**Task statement**
For this listing, report how many lines contain the string "longrightarrow", using only a number.

**The data**

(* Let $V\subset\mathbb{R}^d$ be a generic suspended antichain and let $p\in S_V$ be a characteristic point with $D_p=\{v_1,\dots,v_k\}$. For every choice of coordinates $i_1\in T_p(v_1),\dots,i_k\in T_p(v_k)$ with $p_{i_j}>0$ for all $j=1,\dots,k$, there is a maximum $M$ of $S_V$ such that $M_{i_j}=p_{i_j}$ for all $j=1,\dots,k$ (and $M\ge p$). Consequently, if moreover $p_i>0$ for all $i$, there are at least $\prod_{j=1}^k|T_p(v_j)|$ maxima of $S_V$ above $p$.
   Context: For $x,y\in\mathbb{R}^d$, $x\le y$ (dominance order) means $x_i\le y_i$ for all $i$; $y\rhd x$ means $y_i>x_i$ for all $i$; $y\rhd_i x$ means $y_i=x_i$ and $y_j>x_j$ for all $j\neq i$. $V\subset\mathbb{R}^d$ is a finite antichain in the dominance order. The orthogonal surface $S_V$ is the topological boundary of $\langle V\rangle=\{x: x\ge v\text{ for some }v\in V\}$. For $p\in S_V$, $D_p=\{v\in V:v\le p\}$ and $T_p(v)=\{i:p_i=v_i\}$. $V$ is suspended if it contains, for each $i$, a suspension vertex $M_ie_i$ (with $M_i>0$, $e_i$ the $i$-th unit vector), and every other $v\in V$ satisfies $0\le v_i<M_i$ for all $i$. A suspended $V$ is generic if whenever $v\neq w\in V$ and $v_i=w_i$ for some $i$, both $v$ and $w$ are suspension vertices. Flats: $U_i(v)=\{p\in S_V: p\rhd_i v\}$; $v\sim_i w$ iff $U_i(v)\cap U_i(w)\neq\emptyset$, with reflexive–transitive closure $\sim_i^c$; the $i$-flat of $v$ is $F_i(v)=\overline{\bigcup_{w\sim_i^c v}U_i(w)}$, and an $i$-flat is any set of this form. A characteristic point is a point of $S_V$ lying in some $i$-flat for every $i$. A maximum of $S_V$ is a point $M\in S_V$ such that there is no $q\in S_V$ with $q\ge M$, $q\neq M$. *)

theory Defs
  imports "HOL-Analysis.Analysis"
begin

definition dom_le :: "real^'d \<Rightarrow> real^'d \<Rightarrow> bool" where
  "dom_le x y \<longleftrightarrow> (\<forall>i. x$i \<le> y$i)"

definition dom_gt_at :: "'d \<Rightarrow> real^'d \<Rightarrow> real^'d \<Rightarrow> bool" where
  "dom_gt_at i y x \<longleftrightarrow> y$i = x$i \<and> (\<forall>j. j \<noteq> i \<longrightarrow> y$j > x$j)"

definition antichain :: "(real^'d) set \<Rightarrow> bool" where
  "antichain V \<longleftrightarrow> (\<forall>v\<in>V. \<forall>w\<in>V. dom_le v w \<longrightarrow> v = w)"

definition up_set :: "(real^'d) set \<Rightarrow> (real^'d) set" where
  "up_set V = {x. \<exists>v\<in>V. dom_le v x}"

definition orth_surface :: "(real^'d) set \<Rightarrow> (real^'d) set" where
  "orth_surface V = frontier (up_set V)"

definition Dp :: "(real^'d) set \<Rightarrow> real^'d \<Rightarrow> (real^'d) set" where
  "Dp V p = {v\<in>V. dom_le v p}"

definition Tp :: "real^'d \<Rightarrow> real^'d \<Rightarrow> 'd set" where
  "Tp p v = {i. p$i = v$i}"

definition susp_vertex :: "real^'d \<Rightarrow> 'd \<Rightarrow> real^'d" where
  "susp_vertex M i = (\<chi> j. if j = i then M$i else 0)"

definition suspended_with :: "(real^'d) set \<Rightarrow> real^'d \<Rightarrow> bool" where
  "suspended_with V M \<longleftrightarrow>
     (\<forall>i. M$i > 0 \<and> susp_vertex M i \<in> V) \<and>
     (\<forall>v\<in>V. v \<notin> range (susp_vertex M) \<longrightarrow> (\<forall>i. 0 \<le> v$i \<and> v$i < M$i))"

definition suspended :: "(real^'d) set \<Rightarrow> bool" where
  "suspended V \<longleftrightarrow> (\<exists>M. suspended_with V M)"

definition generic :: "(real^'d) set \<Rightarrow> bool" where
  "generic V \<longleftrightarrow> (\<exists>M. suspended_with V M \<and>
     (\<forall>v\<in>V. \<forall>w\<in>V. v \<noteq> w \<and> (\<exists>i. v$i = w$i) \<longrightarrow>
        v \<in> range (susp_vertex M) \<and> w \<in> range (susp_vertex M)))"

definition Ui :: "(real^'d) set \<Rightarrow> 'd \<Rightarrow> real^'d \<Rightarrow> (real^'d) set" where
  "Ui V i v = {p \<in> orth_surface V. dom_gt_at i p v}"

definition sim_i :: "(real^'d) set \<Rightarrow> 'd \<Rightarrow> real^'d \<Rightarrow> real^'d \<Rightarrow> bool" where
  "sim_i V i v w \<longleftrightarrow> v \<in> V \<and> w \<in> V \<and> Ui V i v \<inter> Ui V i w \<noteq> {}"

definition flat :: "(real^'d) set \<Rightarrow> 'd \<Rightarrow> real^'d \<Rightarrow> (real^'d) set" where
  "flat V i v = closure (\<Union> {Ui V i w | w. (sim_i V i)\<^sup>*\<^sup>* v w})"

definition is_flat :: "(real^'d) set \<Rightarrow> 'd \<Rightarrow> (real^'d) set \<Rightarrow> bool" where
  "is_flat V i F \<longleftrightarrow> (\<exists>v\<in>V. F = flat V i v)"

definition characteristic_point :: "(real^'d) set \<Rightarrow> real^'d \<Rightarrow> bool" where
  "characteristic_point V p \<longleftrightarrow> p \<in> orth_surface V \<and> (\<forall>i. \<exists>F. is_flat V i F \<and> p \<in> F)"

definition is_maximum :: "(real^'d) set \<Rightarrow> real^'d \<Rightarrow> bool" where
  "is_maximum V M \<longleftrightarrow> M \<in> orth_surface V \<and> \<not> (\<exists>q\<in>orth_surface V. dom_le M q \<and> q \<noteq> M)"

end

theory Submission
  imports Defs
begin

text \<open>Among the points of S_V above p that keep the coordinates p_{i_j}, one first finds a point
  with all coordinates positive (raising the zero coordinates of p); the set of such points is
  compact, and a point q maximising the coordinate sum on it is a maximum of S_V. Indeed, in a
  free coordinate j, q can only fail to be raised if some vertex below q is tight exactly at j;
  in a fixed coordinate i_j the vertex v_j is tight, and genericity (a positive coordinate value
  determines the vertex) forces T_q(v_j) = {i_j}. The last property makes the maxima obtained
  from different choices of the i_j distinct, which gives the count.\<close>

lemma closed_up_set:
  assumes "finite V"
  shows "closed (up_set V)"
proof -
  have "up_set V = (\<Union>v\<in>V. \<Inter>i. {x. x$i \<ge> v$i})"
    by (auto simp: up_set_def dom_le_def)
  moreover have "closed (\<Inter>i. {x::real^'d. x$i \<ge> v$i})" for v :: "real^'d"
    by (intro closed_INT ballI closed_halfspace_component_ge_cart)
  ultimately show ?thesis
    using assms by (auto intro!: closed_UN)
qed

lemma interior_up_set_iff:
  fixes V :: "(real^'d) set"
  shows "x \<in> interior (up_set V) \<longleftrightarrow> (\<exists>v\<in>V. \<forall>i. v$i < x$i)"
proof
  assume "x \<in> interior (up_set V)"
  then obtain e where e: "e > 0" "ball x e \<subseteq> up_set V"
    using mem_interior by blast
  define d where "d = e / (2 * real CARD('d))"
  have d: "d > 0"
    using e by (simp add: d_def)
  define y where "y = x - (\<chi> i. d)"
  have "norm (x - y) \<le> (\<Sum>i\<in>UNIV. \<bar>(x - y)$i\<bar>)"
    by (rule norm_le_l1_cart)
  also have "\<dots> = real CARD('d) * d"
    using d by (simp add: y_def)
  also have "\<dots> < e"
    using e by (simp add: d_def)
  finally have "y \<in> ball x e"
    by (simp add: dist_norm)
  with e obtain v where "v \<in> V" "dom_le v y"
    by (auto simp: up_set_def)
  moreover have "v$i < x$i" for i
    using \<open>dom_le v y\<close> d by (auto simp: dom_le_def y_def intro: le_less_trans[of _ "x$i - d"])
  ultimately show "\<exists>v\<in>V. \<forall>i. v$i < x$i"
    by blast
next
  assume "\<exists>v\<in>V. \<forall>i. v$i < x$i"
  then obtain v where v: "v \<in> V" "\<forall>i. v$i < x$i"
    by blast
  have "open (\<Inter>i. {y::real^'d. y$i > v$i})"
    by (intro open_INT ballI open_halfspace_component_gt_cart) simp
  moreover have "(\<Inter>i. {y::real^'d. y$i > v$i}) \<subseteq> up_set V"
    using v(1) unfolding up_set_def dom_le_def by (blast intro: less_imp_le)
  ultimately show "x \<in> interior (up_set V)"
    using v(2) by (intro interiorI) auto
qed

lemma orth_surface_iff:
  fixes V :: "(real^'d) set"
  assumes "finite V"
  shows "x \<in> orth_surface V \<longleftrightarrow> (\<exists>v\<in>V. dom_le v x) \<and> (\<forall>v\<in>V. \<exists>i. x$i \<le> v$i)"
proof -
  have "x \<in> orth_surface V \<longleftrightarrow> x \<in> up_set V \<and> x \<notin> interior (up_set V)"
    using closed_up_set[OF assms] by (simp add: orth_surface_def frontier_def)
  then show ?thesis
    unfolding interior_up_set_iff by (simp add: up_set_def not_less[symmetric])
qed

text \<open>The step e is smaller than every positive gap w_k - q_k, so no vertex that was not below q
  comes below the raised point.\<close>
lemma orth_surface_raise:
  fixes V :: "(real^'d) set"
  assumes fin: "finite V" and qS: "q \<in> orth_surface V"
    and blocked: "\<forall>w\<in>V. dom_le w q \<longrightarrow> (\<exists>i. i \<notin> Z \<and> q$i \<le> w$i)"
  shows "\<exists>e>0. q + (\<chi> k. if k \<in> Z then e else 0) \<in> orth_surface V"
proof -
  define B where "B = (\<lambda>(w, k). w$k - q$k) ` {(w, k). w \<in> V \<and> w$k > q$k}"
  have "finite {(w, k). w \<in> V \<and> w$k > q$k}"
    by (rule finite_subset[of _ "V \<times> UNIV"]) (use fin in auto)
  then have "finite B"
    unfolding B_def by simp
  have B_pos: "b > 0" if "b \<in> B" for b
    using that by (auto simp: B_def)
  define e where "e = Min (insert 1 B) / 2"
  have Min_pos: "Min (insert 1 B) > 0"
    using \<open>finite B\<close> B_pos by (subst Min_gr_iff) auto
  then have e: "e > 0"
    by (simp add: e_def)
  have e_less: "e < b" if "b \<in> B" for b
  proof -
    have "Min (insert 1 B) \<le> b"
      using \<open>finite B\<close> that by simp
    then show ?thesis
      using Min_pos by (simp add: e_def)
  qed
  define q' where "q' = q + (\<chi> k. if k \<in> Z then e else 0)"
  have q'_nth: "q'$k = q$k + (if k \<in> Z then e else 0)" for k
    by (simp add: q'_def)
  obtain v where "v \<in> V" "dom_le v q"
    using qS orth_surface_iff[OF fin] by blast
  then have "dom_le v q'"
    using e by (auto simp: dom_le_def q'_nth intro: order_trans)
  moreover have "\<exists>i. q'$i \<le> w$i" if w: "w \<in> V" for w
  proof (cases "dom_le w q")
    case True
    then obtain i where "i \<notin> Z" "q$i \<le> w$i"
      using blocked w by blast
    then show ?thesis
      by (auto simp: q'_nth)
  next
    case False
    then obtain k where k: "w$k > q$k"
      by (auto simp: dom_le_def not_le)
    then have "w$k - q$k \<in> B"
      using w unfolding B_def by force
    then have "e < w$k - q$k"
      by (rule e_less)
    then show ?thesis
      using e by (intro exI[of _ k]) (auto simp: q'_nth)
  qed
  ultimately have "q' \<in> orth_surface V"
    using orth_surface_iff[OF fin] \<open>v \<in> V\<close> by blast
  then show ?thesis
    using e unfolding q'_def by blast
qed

**Solution to the exercise**
5